OCCLUSIONE DOPO L’ORIGINE DELLA CEREBRALE MEDIA in questo caso è colpito prevalentemente la capsula
interna, il pz. avrà un’emiplegia facio-brachio-crurale controlaterale associata a disturbi della sensibilità e potrà
avere un’afasia motoria o un’afasia sensoriale a seconda delle situazioni.
L’occlusione avviene a livello della biforcazione della cerebrale media, la cerebrale media si biforca in un ramo
superiore e in un ramo inferiore, la cosiddetta ischemia dell’aria perisilviana, al termine della scissura di Silvio o
quanto meno l’ischemia nel territorio del giro angolare o giro sopramarginale, così si chiama questa zona dal
punto di vista anatomico.

Che cosa avremo? Avremo che il pz. presenterà un ‘emiparesi facio-brachio-crurale con un parziale risparmio
dell’arto inferiore.
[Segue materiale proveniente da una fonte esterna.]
lemma inj_on_transpose_mult_vec:
  assumes B: "B \<in> carrier_mat n q" and indep: "indep_rows n q (\<lambda>l j. B $$ (l, j))"
  shows "inj_on (\<lambda>u. transpose_mat B *\<^sub>v u) (carrier_vec n)"
proof (rule inj_onI)
  fix u u' assume u: "u \<in> carrier_vec n" and u': "u' \<in> carrier_vec n"
    and eq: "transpose_mat B *\<^sub>v u = transpose_mat B *\<^sub>v u'"
  have "(\<Sum>l<n. (u $ l - u' $ l) * B $$ (l, j)) = 0" if "j < q" for j
  proof -
    have "(\<Sum>l<n. (u $ l - u' $ l) * B $$ (l, j)) =
        (transpose_mat B *\<^sub>v u) $ j - (transpose_mat B *\<^sub>v u') $ j"
      using B u u' that
      by (simp add: transpose_mult_mat_vec_nth algebra_simps sum_subtractf
        del: index_mult_mat_vec)
    with eq show ?thesis by simp
  qed
  then have "\<forall>l<n. u $ l - u' $ l = 0"
    using indep[unfolded indep_rows_def, rule_format, of "\<lambda>l. u $ l - u' $ l"] by blast
  with u u' show "u = u'"
    by (intro eq_vecI) auto
qed

lemma rank_factorization:
  fixes M :: "'a::field mat"
  assumes M: "M \<in> carrier_mat p q"
  obtains n A B C where "A \<in> carrier_mat p n" "B \<in> carrier_mat n q" "C \<in> carrier_mat n p"
    and "M = A * B" and "B = C * M" and "inj_on (\<lambda>u. transpose_mat B *\<^sub>v u) (carrier_vec n)"
proof -
  obtain n a b c where
    fac: "\<forall>i<p. \<forall>j<q. M $$ (i, j) = (\<Sum>l<n. a i l * b l j)" and
    rows: "\<forall>l<n. \<forall>j<q. b l j = (\<Sum>i<p. c l i * M $$ (i, j))" and
    indep: "indep_rows n q b"
    using rank_factorization_fun[where k = p and p = p and m = "\<lambda>i j. M $$ (i, j)" and q = q] by blast
  define A where "A = mat p n (\<lambda>(i, l). a i l)"
  define B where "B = mat n q (\<lambda>(l, j). b l j)"
  define C where "C = mat n p (\<lambda>(l, i). c l i)"
  have A: "A \<in> carrier_mat p n" and B: "B \<in> carrier_mat n q" and C: "C \<in> carrier_mat n p"
    unfolding A_def B_def C_def by auto
  have AB: "M = A * B"
  proof (rule eq_matI)
    fix i j assume "i < dim_row (A * B)" "j < dim_col (A * B)"
    with A B have "i < p" "j < q" by auto
    with fac show "M $$ (i, j) = (A * B) $$ (i, j)"
      unfolding mult_mat_nth[OF A B \<open>i < p\<close> \<open>j < q\<close>] by (simp add: A_def B_def)
  qed (use M A B in auto)
  have BC: "B = C * M"
  proof (rule eq_matI)
    fix l j assume "l < dim_row (C * M)" "j < dim_col (C * M)"
    with C M have "l < n" "j < q" by auto
    with rows show "B $$ (l, j) = (C * M) $$ (l, j)"
      unfolding mult_mat_nth[OF C M \<open>l < n\<close> \<open>j < q\<close>] by (simp add: B_def C_def)
  qed (use M B C in auto)
  have "indep_rows n q (\<lambda>l j. B $$ (l, j))"
    using indep unfolding indep_rows_def B_def by (simp cong: sum.cong_simp)
  with B have "inj_on (\<lambda>u. transpose_mat B *\<^sub>v u) (carrier_vec n)"
    by (rule inj_on_transpose_mult_vec)
  with A B C AB BC show ?thesis
    by (rule that)
qed

lemma nonneg_mat_mult_vec:
  assumes "nonneg_mat M" and "z \<in> carrier_vec (dim_col M)" and "nonneg_vec z"
  shows "nonneg_vec (M *\<^sub>v z)"
  using assms unfolding nonneg_mat_def nonneg_vec_def
  by (auto simp: scalar_prod_def intro!: sum_nonneg)

lemma nonneg_mat_transpose: "nonneg_mat M \<Longrightarrow> nonneg_mat (transpose_mat M)"
  unfolding nonneg_mat_def by simp

lemma RCGC_eq_CCGC_transpose: "RCGC M = CCGC (transpose_mat M)"
  unfolding RCGC_def CCGC_def by simp

lemma CCGC_nonneg:
  assumes "CCGC M" and "z \<in> carrier_vec (dim_col M)" and "nonneg_vec z"
  shows "nonneg_vec (M *\<^sub>v z)"
  using assms unfolding CCGC_def by blast

lemma CCGC_D:
  assumes "CCGC M" and "z \<in> carrier_vec (dim_col M)" and "nonneg_vec (M *\<^sub>v z)"
  obtains z' where "z' \<in> carrier_vec (dim_col M)" and "nonneg_vec z'" and "M *\<^sub>v z' = M *\<^sub>v z"
proof -
  have "M *\<^sub>v z \<in> {M *\<^sub>v z | z. z \<in> carrier_vec (dim_col M)} \<inter>
      {v \<in> carrier_vec (dim_row M). nonneg_vec v}"
    using assms(2,3) carrier_vecI[of "M *\<^sub>v z" "dim_row M"] by auto
  with assms(1) have "M *\<^sub>v z \<in> {M *\<^sub>v z | z. z \<in> carrier_vec (dim_col M) \<and> nonneg_vec z}"
    unfolding CCGC_def by simp
  then obtain z' where "z' \<in> carrier_vec (dim_col M)" "nonneg_vec z'" "M *\<^sub>v z = M *\<^sub>v z'"
    by blast
  then show ?thesis
    by (intro that) simp_all
qed

lemma CCGC_I:
  assumes nonneg: "\<And>z. z \<in> carrier_vec (dim_col M) \<Longrightarrow> nonneg_vec z \<Longrightarrow> nonneg_vec (M *\<^sub>v z)"
    and cone: "\<And>z. z \<in> carrier_vec (dim_col M) \<Longrightarrow> nonneg_vec (M *\<^sub>v z) \<Longrightarrow>
      \<exists>z'\<in>carrier_vec (dim_col M). nonneg_vec z' \<and> M *\<^sub>v z' = M *\<^sub>v z"
  shows "CCGC M"
  unfolding CCGC_def
proof (intro equalityI subsetI)
  fix v assume "v \<in> {M *\<^sub>v z | z. z \<in> carrier_vec (dim_col M) \<and> nonneg_vec z}"
  with nonneg show "v \<in> {M *\<^sub>v z | z. z \<in> carrier_vec (dim_col M)} \<inter>
      {v \<in> carrier_vec (dim_row M). nonneg_vec v}"
    using carrier_vecI[of "M *\<^sub>v _" "dim_row M"] by auto
next
  fix v assume "v \<in> {M *\<^sub>v z | z. z \<in> carrier_vec (dim_col M)} \<inter>
      {v \<in> carrier_vec (dim_row M). nonneg_vec v}"
  then obtain z where z: "z \<in> carrier_vec (dim_col M)" "nonneg_vec (M *\<^sub>v z)" and v: "v = M *\<^sub>v z"
    by blast
  from cone[OF z] obtain z' where "z' \<in> carrier_vec (dim_col M)" "nonneg_vec z'" "M *\<^sub>v z' = v"
    unfolding v by blast
  then show "v \<in> {M *\<^sub>v z | z. z \<in> carrier_vec (dim_col M) \<and> nonneg_vec z}"
    by blast
qed

lemma slack_matrix_imp_RCGC:
  assumes "is_slack_matrix_of_polyhedral_cone S"
  shows "RCGC S"
proof -
  from assms obtain K where "is_slack_matrix_of_cone S K"
    unfolding is_slack_matrix_of_polyhedral_cone_def ..
  then obtain n A B where A: "A \<in> carrier_mat (dim_row S) n" and B: "B \<in> carrier_mat n (dim_col S)"
    and K_ineq: "K = {x \<in> carrier_vec n. nonneg_vec (transpose_mat B *\<^sub>v x)}"
    and K_gen: "K = {transpose_mat A *\<^sub>v y | y. y \<in> carrier_vec (dim_row S) \<and> nonneg_vec y}"
    and AB: "S = A * B"
    unfolding is_slack_matrix_of_cone_def by (elim exE conjE) (rule that; assumption)
  have "transpose_mat S = transpose_mat B * transpose_mat A"
    unfolding AB by (rule transpose_mult[OF A B])
  then have ST: "transpose_mat S *\<^sub>v y = transpose_mat B *\<^sub>v (transpose_mat A *\<^sub>v y)"
    if "y \<in> carrier_vec (dim_row S)" for y
    using A B that by simp
  have "CCGC (transpose_mat S)"
  proof (rule CCGC_I)
    fix y assume y: "y \<in> carrier_vec (dim_col (transpose_mat S))" "nonneg_vec y"
    then have "transpose_mat A *\<^sub>v y \<in> K"
      unfolding K_gen by auto
    with y show "nonneg_vec (transpose_mat S *\<^sub>v y)"
      unfolding K_ineq by (simp add: ST)
  next
    fix y assume y: "y \<in> carrier_vec (dim_col (transpose_mat S))"
      and "nonneg_vec (transpose_mat S *\<^sub>v y)"
    with A have "transpose_mat A *\<^sub>v y \<in> K"
      unfolding K_ineq by (simp add: ST)
    then obtain y' where "y' \<in> carrier_vec (dim_row S)" "nonneg_vec y'"
      "transpose_mat A *\<^sub>v y = transpose_mat A *\<^sub>v y'"
      unfolding K_gen by auto
    with y show "\<exists>y'\<in>carrier_vec (dim_col (transpose_mat S)).
        nonneg_vec y' \<and> transpose_mat S *\<^sub>v y' = transpose_mat S *\<^sub>v y"
      by (auto simp: ST)
  qed
  then show ?thesis
    by (simp add: RCGC_eq_CCGC_transpose)
qed

lemma RCGC_imp_slack_matrix:
  assumes M: "M \<in> carrier_mat p q" and "RCGC M"
  shows "is_slack_matrix_of_polyhedral_cone M"
proof -
  have CCGC: "CCGC (transpose_mat M)"
    using \<open>RCGC M\<close> by (simp add: RCGC_eq_CCGC_transpose)
  obtain n A B C where A: "A \<in> carrier_mat p n" and B: "B \<in> carrier_mat n q"
    and C: "C \<in> carrier_mat n p" and AB: "M = A * B" and CM: "B = C * M"
    and inj: "inj_on (\<lambda>u. transpose_mat B *\<^sub>v u) (carrier_vec n)"
    using rank_factorization[OF M] .
  have "transpose_mat M = transpose_mat B * transpose_mat A"
    unfolding AB by (rule transpose_mult[OF A B])
  then have MT: "transpose_mat M *\<^sub>v y = transpose_mat B *\<^sub>v (transpose_mat A *\<^sub>v y)"
    if "y \<in> carrier_vec p" for y
    using A B that by simp
  have "transpose_mat B = transpose_mat M * transpose_mat C"
    unfolding CM by (rule transpose_mult[OF C M])
  then have BT: "transpose_mat B *\<^sub>v x = transpose_mat M *\<^sub>v (transpose_mat C *\<^sub>v x)"
    if "x \<in> carrier_vec n" for x
    using M C that by simp
  define K where "K = {x \<in> carrier_vec n. nonneg_vec (transpose_mat B *\<^sub>v x)}"
  have K_gen: "K = {transpose_mat A *\<^sub>v y | y. y \<in> carrier_vec p \<and> nonneg_vec y}"
  proof (intro equalityI subsetI)
    fix x assume "x \<in> K"
    then have x: "x \<in> carrier_vec n" and "nonneg_vec (transpose_mat B *\<^sub>v x)"
      unfolding K_def by simp_all
    have Cx: "transpose_mat C *\<^sub>v x \<in> carrier_vec (dim_col (transpose_mat M))"
      using C M x by simp
    have "nonneg_vec (transpose_mat M *\<^sub>v (transpose_mat C *\<^sub>v x))"
      using \<open>nonneg_vec (transpose_mat B *\<^sub>v x)\<close> x by (simp add: BT)
    then obtain y where y: "y \<in> carrier_vec (dim_col (transpose_mat M))" "nonneg_vec y"
      and "transpose_mat M *\<^sub>v y = transpose_mat M *\<^sub>v (transpose_mat C *\<^sub>v x)"
      by (rule CCGC_D[OF CCGC Cx])
    with M x have y': "y \<in> carrier_vec p"
      and "transpose_mat B *\<^sub>v (transpose_mat A *\<^sub>v y) = transpose_mat B *\<^sub>v x"
      by (simp_all add: MT BT)
    then have "transpose_mat A *\<^sub>v y = x"
      using inj_onD[OF inj] A x by simp
    with y y' show "x \<in> {transpose_mat A *\<^sub>v y | y. y \<in> carrier_vec p \<and> nonneg_vec y}"
      by auto
  next
    fix x assume "x \<in> {transpose_mat A *\<^sub>v y | y. y \<in> carrier_vec p \<and> nonneg_vec y}"
    then obtain y where y: "y \<in> carrier_vec p" "nonneg_vec y" and x: "x = transpose_mat A *\<^sub>v y"
      by blast
    have "nonneg_vec (transpose_mat M *\<^sub>v y)"
      using CCGC_nonneg[OF CCGC] y M by simp
    with A y show "x \<in> K"
      unfolding K_def x by (simp add: MT)
  qed
  have "is_slack_matrix_of_cone M K"
    unfolding is_slack_matrix_of_cone_def using A B AB M K_gen
    by (intro exI[of _ n] exI[of _ A] exI[of _ B] conjI) (simp_all add: K_def)
  then show ?thesis
    unfolding is_slack_matrix_of_polyhedral_cone_def by blast
qed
Può avere un disturbo della sensibilità che riguarda soltanto la faccia e la mano, se colpito
l’emisfero dominante il pz. sviluppa una sindrome abbastanza caratteristica che si chiama sindrome di gerstmann
e che consiste nell’agnosia digitale, cioè non riconosce le dita della propria mano ne tanto meno quelle
dell’esaminatore,né la destra né la sinistra. C’è acalculia, il pz. non è in grado di fare calcoli, anche quelli più
semplici e poi c’è alterazione dello schema corporeo, non riconosce la destra dalla sinistra. Questa è la triade che
caratterizza la sindrome di Gerstmann. Se invece non è colpito l’emisfero dominante, ma quest’aria ischemica si
verifica a carico dell’emisfero non dominante il pz. presenterà aprassia costruttiva.
RAMO SUPERIORE DELLA CEREBRALE MEDIA: vedete l’aria di ischemia soprattutto a livello della superficie
laterale dell’encefalo, emiplegia facio-brachio-crurale contro laterale con risparmio dell’arto inferiore; se è colpito
l’emisfero dominante si ha afasia motoria.

RAMO INFERIORE DELLA CEREBRALE MEDIA: viene compromesso soprattutto il lobo temporale e in questo caso
non avremo deficit motorio, ma possiamo avere disturbi del campo visivo; se è colpito l’emisfero dominante il pz
presenterà afasia di Wernicke, cioè l’ afasia sensoriale (il pz non comprende quello che gli viene detto né
tantomeno quello che lui stesso dice e quando parla dice cose senza senso); se, invece, non è colpito l’emisfero
dominante ma quello controlaterale, allora abbiamo l’aprassia costruttiva.
CEREBRALE ANTERIORE: anche qui dobbiamo distinguere la situazione in cui l’occlusione è all’origine o quando è
già partito il vaso sanguigno.

All’origine abbiamo: la sindrome frontale, in cui il pz è abulico, apatico, disinteressato, addirittura non vuole
alzarsi dal letto, non vuole lavarsi, non vuole mangiare, non vuole far niente, tant’è vero che spesso questi pz
vengono scambiati per depressi, ma in realtà è una sindrome frontale abbastanza importante. Compare anche
l’incontinenza: il pz non è in grado di controllare gli sfinteri, in quanto uno dei centri per il controllo degli sfinteri
si trova nella parte interna della corteccia frontale. Il pz presenterà un’emiplegia controlaterale alla sede della
lesione e avrà afasia motoria e aprassia degli arti.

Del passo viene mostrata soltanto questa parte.